theorem theorem1:
  fixes NL :: nat and m n :: "nat \<Rightarrow> nat"
  assumes "NL \<ge> 1" and "\<forall>l<NL. 0 < m l \<and> 0 < n l"
  shows "\<exists>(f :: param \<Rightarrow> real) (g :: param \<Rightarrow> param) (L :: real)
            (F :: param \<Rightarrow> real \<Rightarrow> real) (GF :: param \<Rightarrow> real \<Rightarrow> param) (D :: real pmf)
            (sig :: nat \<Rightarrow> real) (x0 :: param) (eps0 :: real).
     has_grad NL m n f g \<and>
     bdd_below (f ` {x. valid_param NL m n x}) \<and>
     (\<forall>x y. valid_param NL m n x \<longrightarrow> valid_param NL m n y \<longrightarrow>
        pnorm NL m n (pdiff (g x) (g y)) \<le> L * pnorm NL m n (pdiff x y)) \<and>
     stoch_oracle NL m n f g F GF D sig \<and>
     valid_param NL m n x0 \<and> 0 < eps0 \<and>
     (\<forall>(r :: nat \<Rightarrow> nat) (\<tau> :: nat) rho (\<xi> :: nat \<Rightarrow> real) x P Q.
        (\<forall>l<NL. r l < min (m l) (n l)) \<and> 1 \<le> \<tau> \<and>
        (\<forall>t. \<xi> t \<in> set_pmf D) \<and> x 0 = x0 \<and>
        galore_run NL m n GF r \<tau> rho \<xi> x P Q \<longrightarrow>
        (\<forall>t. eps0 \<le> (pnorm NL m n (g (x t)))\<^sup>2))"
proof -
  interpret first_layer NL m n
    using assms by unfold_locales auto
  have "bdd_below (corner_loss ` {x. valid_param NL m n x})"
    by (rule bdd_belowI[of _ 0]) (auto simp: corner_loss_def)
  moreover have "1 \<le> (pnorm NL m n (corner_loss_grad (x t)))\<^sup>2"
    if "\<forall>l<NL. r l < min (m l) (n l)" "\<forall>t. \<xi> t \<in> set_pmf (pmf_of_set {-1, 1})" "x 0 = corner 1"
      "galore_run NL m n (noisy_grad m n) r \<tau> rho \<xi> x P Q"
    for r \<tau> rho \<xi> x P Q t
    using galore_keeps_corner[of r \<tau> rho \<xi> x P Q t] that layers
    by (simp add: corner_loss_grad_def pnorm_corner)
  ultimately show ?thesis
    using has_grad_corner_loss corner_loss_grad_lipschitz stoch_oracle_noisy valid_param_corner
    by (intro exI[of _ corner_loss] exI[of _ corner_loss_grad] exI[of _ "1::real"]
        exI[of _ "noisy_loss NL m n"] exI[of _ "noisy_grad m n"] exI[of _ "pmf_of_set {-1, 1}"]
        exI[of _ "\<lambda>l. sqrt (fro_sq (m l) (n l) (noise_dir m n l))"] exI[of _ "corner 1"]) auto
qed

end
lemma Re_le_powr_if_norm_root_diff_one_le:
  fixes w :: complex and a d :: real
  assumes "0 < a" "norm (exp (Ln w / complex_of_real a) - 1) \<le> d"
  shows "Re w \<le> (1 + d) powr a"
proof (cases "w = 0")
  case True
  then show ?thesis
    by simp
next
  case False
  have "norm (exp (Ln w / complex_of_real a)) \<le> 1 + d"
    using assms(2) norm_triangle_ineq2[of "exp (Ln w / complex_of_real a)" 1] by simp
  then have "norm (exp (Ln w / complex_of_real a)) powr a \<le> (1 + d) powr a"
    using assms(1) by (intro powr_mono2) auto
  moreover have "norm (exp (Ln w / complex_of_real a)) powr a = norm w"
    using False assms(1) by (simp add: Re_divide_of_real powr_def)
  ultimately show ?thesis
    using complex_Re_le_cmod[of w] by linarith
qed

lemma powr_le_Re_if_norm_root_diff_one_le:
  fixes w :: complex and a d :: real
  assumes a: "0 < a" "a \<le> 1" and w: "0 < Re w" "\<bar>Arg w\<bar> < a * pi"
    and d: "norm (exp (Ln w / complex_of_real a) - 1) \<le> d" "d \<le> 1"
  shows "(1 - d) powr a \<le> Re w"
proof (cases "d = 1")
  case True
  then show ?thesis
    using w by simp
next
  case False
  define \<zeta> where "\<zeta> = Ln w / complex_of_real a"
  have "w \<noteq> 0"
    using w by auto
  have "1 - d \<le> Re (exp \<zeta>)"
    using d abs_Re_le_cmod[of "exp \<zeta> - 1"] by (simp add: \<zeta>_def)
  then have "0 < exp (Re \<zeta>) * cos (Im \<zeta>)"
    using False d by (simp add: Re_exp)
  then have "0 < cos (Im \<zeta>)"
    by (simp add: zero_less_mult_iff)
  moreover have "\<bar>Im \<zeta>\<bar> < pi"
    using \<open>w \<noteq> 0\<close> a w
    by (simp add: \<zeta>_def Im_divide_of_real Arg_eq_Im_Ln abs_divide pos_divide_less_eq mult.commute)
  ultimately have Im_\<zeta>: "\<bar>Im \<zeta>\<bar> < pi / 2"
    using cos_monotone_0_pi_le[of "pi / 2" "\<bar>Im \<zeta>\<bar>"] by force
  have "(1 - d) powr a \<le> Re (exp \<zeta>) powr a"
    using \<open>1 - d \<le> Re (exp \<zeta>)\<close> d a by (intro powr_mono2) auto
  also have "\<dots> \<le> Re (exp (a *\<^sub>R \<zeta>))"
    using Re_exp_powr_le_Re_exp_scaleR[OF a Im_\<zeta>] .
  also have "exp (a *\<^sub>R \<zeta>) = w"
    using \<open>w \<noteq> 0\<close> a by (simp add: \<zeta>_def scaleR_conv_of_real)
  finally show ?thesis .
qed

lemma St_imp_starq_holomorphic:
  assumes "f \<in> St a1 a2"
  shows "starq f holomorphic_on ball 0 1"
  using assms by (intro starq_holomorphic) (auto simp: St_def)

lemma St_imp_Re_starq_pos:
  assumes "f \<in> St a1 a2" "a1 \<le> 1" "a2 \<le> 1" and z: "z \<in> ball 0 1"
  shows "0 < Re (starq f z)"
proof -
  have "\<bar>Arg (starq f w)\<bar> < pi / 2" if "w \<in> ball 0 1" for w
  proof -
    have "pi * a1 / 2 \<le> pi / 2" "pi * a2 / 2 \<le> pi / 2"
      using assms(2,3) by (simp_all add: mult_left_le)
    moreover have "- (pi * a1 / 2) < Arg (starq f w)" "Arg (starq f w) < pi * a2 / 2"
      using assms(1) that by (auto simp: St_def)
    ultimately show ?thesis
      unfolding abs_less_iff by linarith
  qed
  moreover have "starq f z \<noteq> 0"
  proof (rule holomorphic_nonzero_if_Arg_ne_pi[OF St_imp_starq_holomorphic[OF assms(1)], where w = 0])
    show "Arg (starq f w) \<noteq> pi" if "w \<in> ball 0 1" for w
      using calculation[OF that] by auto
  qed (use z in \<open>auto simp: starq_def\<close>)
  ultimately show ?thesis
    using z Arg_Re_pos by blast
qed

lemma St_imp_abs_Arg_starq_less:
  assumes "f \<in> St a1 a2" "0 < a1" "0 < a2" "z \<in> ball 0 1"
  shows "\<bar>Arg (starq f z)\<bar> < (a1 + a2) / 2 * pi"
proof -
  have "(a1 + a2) / 2 * pi = pi * a1 / 2 + pi * a2 / 2" "0 < pi * a1" "0 < pi * a2"
    using assms(2,3) by (simp_all add: field_simps)
  moreover have "- (pi * a1 / 2) < Arg (starq f z)" "Arg (starq f z) < pi * a2 / 2"
    using assms(1,4) by (auto simp: St_def)
  ultimately show ?thesis
    unfolding abs_less_iff by linarith
qed

lemma St_imp_norm_root_starq_diff_one_le:
  assumes "f \<in> St a1 a2" "0 < a1" "a1 \<le> 1" "0 < a2" "a2 \<le> 1" and z: "z \<in> ball 0 1"
  shows "norm (exp (Ln (starq f z) / complex_of_real ((a1 + a2) / 2)) - 1)
           \<le> 2 * cos (pi / 2 * ((a2 - a1) / (a2 + a1))) * norm z / (1 - norm z)"
proof (rule norm_root_diff_one_le_if_Arg_rotated[OF St_imp_starq_holomorphic[OF assms(1)] _ _ _ _ z])
  show "starq f w \<notin> \<real>\<^sub>\<le>\<^sub>0" if "w \<in> ball 0 1" for w
    using St_imp_Re_starq_pos[OF assms(1,3,5) that] by (auto simp: complex_nonpos_Reals_iff)
  show "\<bar>Arg (starq f w) / ((a1 + a2) / 2) - pi / 2 * ((a2 - a1) / (a2 + a1))\<bar> < pi / 2"
    if "w \<in> ball 0 1" for w
    using assms(1,2,4) that by (intro angle_in_sector_imp_rotated_bound) (auto simp: St_def)
qed (use assms in \<open>auto simp: starq_def\<close>)

theorem theorem2p1:
  fixes a1 a2 :: real and f :: "complex \<Rightarrow> complex"
  assumes "0 < a1" "a1 \<le> 1" "0 < a2" "a2 \<le> 1"
    and "f \<in> St a1 a2"
  defines "\<theta> \<equiv> (a2 - a1) / (a2 + a1)"
  shows "(\<forall>z\<in>ball 0 1. norm z \<le> 1 / (2 * cos (\<theta> / 2) + 1) \<longrightarrow>
            Re (starq f z) \<ge> ((1 - (2 * cos (\<theta> / 2) + 1) * norm z) / (1 - norm z)) powr ((a1 + a2) / 2)) \<and>
         (\<forall>z\<in>ball 0 1. 0 < Re (starq f z) \<and>
            Re (starq f z) \<le> ((1 + (2 * cos (\<theta> / 2) - 1) * norm z) / (1 - norm z)) powr ((a1 + a2) / 2))"
proof (intro conjI ballI impI)
  define c where "c = cos (\<theta> / 2)"
  have "\<bar>\<theta>\<bar> \<le> 1"
    using assms(1,3) by (simp add: \<theta>_def abs_divide)
  then have c: "cos (pi / 2 * \<theta>) \<le> c" "0 < c"
    using cos_pi_half_mult_le_cos_half[of \<theta>] pi_gt3 by (auto simp: c_def intro!: cos_gt_zero_pi)
  fix z :: complex
  assume z: "z \<in> ball 0 1"
  define d where "d = 2 * c * norm z / (1 - norm z)"
  have bound: "norm (exp (Ln (starq f z) / complex_of_real ((a1 + a2) / 2)) - 1) \<le> d"
    using St_imp_norm_root_starq_diff_one_le[OF assms(5,1-4) z] c z
    by (simp add: d_def \<theta>_def divide_right_mono mult_right_mono order_trans)
  show "0 < Re (starq f z)"
    using St_imp_Re_starq_pos[OF assms(5,2,4) z] .
  have "1 + d = (1 + (2 * c - 1) * norm z) / (1 - norm z)"
    using z by (simp add: d_def field_simps)
  then show "Re (starq f z) \<le> ((1 + (2 * cos (\<theta> / 2) - 1) * norm z) / (1 - norm z)) powr ((a1 + a2) / 2)"
    using Re_le_powr_if_norm_root_diff_one_le[OF _ bound] assms(1,3) by (simp add: c_def)
  assume "norm z \<le> 1 / (2 * cos (\<theta> / 2) + 1)"
  then have "d \<le> 1"
    using z c by (simp add: d_def c_def field_simps)
  moreover have "1 - d = (1 - (2 * c + 1) * norm z) / (1 - norm z)"
    using z by (simp add: d_def field_simps)
  ultimately show "((1 - (2 * cos (\<theta> / 2) + 1) * norm z) / (1 - norm z)) powr ((a1 + a2) / 2) \<le> Re (starq f z)"
    using powr_le_Re_if_norm_root_diff_one_le[OF _ _ _ _ bound] assms
      St_imp_Re_starq_pos[OF assms(5,2,4) z] St_imp_abs_Arg_starq_less[OF assms(5,1,3) z]
    by (simp add: c_def)
qed

end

● What you have to do
Across the listing, how many lines contain the word "that"? Give the number without further comment.

● Worked solution
5